__Exercise objective__
Produce as output only the lines below starting at the line with "nonzero rows come" and continuing through the line with "E. p \<noteq>", each one exactly as written.

__Data to use__
definition lm :: "(mon \<Rightarrow> mon \<Rightarrow> bool) \<Rightarrow> 'k::zero mpoly \<Rightarrow> mon" where
  "lm ord p = (THE m. m \<in> Poly_Mapping.keys p \<and> (\<forall>m'\<in>Poly_Mapping.keys p. m' \<noteq> m \<longrightarrow> ord m' m))"

definition lin_span :: "'k::field mpoly set \<Rightarrow> 'k mpoly set" where
  "lin_span S = {p. \<exists>A c. finite A \<and> A \<subseteq> S \<and>
                    p = (\<Sum>q\<in>A. Poly_Mapping.single 0 (c q) * q)}"

text \<open>Row echelon form E of a matrix with rows R (rows as polynomials, columns ordered
 decreasingly by ord): E is row-equivalent to R (same row space, same number of rows),
 nonzero rows come first with strictly decreasing leading monomials, then zero rows.\<close>
definition is_row_echelon_of :: "(mon \<Rightarrow> mon \<Rightarrow> bool) \<Rightarrow> 'k::field mpoly list \<Rightarrow> 'k mpoly list \<Rightarrow> bool" where
  "is_row_echelon_of ord R E \<longleftrightarrow>
     length E = length R \<and> lin_span (set E) = lin_span (set R) \<and>
     (\<exists>E1 z. E = E1 @ replicate z 0 \<and> (\<forall>p\<in>set E1. p \<noteq> 0) \<and>
             sorted_wrt (\<lambda>p q. ord (lm ord q) (lm ord p)) E1)"

definition lead_set :: "(mon \<Rightarrow> mon \<Rightarrow> bool) \<Rightarrow> 'k::field mpoly list \<Rightarrow> mon set" where
  "lead_set ord R = (let E = (SOME E. is_row_echelon_of ord R E) in
                       lm ord ` {p \<in> set E. p \<noteq> 0})"

definition deg_sub :: "int list \<Rightarrow> int list \<Rightarrow> int list" where
  "deg_sub d e = map2 (-) d e"

definition dec_list :: "(mon \<Rightarrow> mon \<Rightarrow> bool) \<Rightarrow> mon set \<Rightarrow> mon list" where
  "dec_list ord B = (SOME bs. distinct bs \<and> set bs = B \<and> sorted_wrt (\<lambda>a b. ord b a) bs)"

text \<open>M3H on the reversed list of generators: M3H_rev (f_k # ... # f_1) d.\<close>
fun M3H_rev :: "nat \<Rightarrow> (nat \<Rightarrow> nat) \<Rightarrow> (mon \<Rightarrow> mon \<Rightarrow> bool) \<Rightarrow> 'k::field mpoly list
                \<Rightarrow> int list \<Rightarrow> 'k mpoly list" where
  "M3H_rev r n ord [] d = []"
| "M3H_rev r n ord (f # fs) d =
     (let e = deg_sub d (pdeg r n f);
          L = (if fs = [] then {} else lead_set ord (M3H_rev r n ord fs e))
      in M3H_rev r n ord fs d @
         map (\<lambda>\<beta>. Poly_Mapping.single \<beta> 1 * f) (dec_list ord (monoms_deg r n e - L)))"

__Worked solution__
 nonzero rows come first with strictly decreasing leading monomials, then zero rows.\<close>
definition is_row_echelon_of :: "(mon \<Rightarrow> mon \<Rightarrow> bool) \<Rightarrow> 'k::field mpoly list \<Rightarrow> 'k mpoly list \<Rightarrow> bool" where
  "is_row_echelon_of ord R E \<longleftrightarrow>
     length E = length R \<and> lin_span (set E) = lin_span (set R) \<and>
     (\<exists>E1 z. E = E1 @ replicate z 0 \<and> (\<forall>p\<in>set E1. p \<noteq> 0) \<and>
             sorted_wrt (\<lambda>p q. ord (lm ord q) (lm ord p)) E1)"

definition lead_set :: "(mon \<Rightarrow> mon \<Rightarrow> bool) \<Rightarrow> 'k::field mpoly list \<Rightarrow> mon set" where
  "lead_set ord R = (let E = (SOME E. is_row_echelon_of ord R E) in
                       lm ord ` {p \<in> set E. p \<noteq> 0})"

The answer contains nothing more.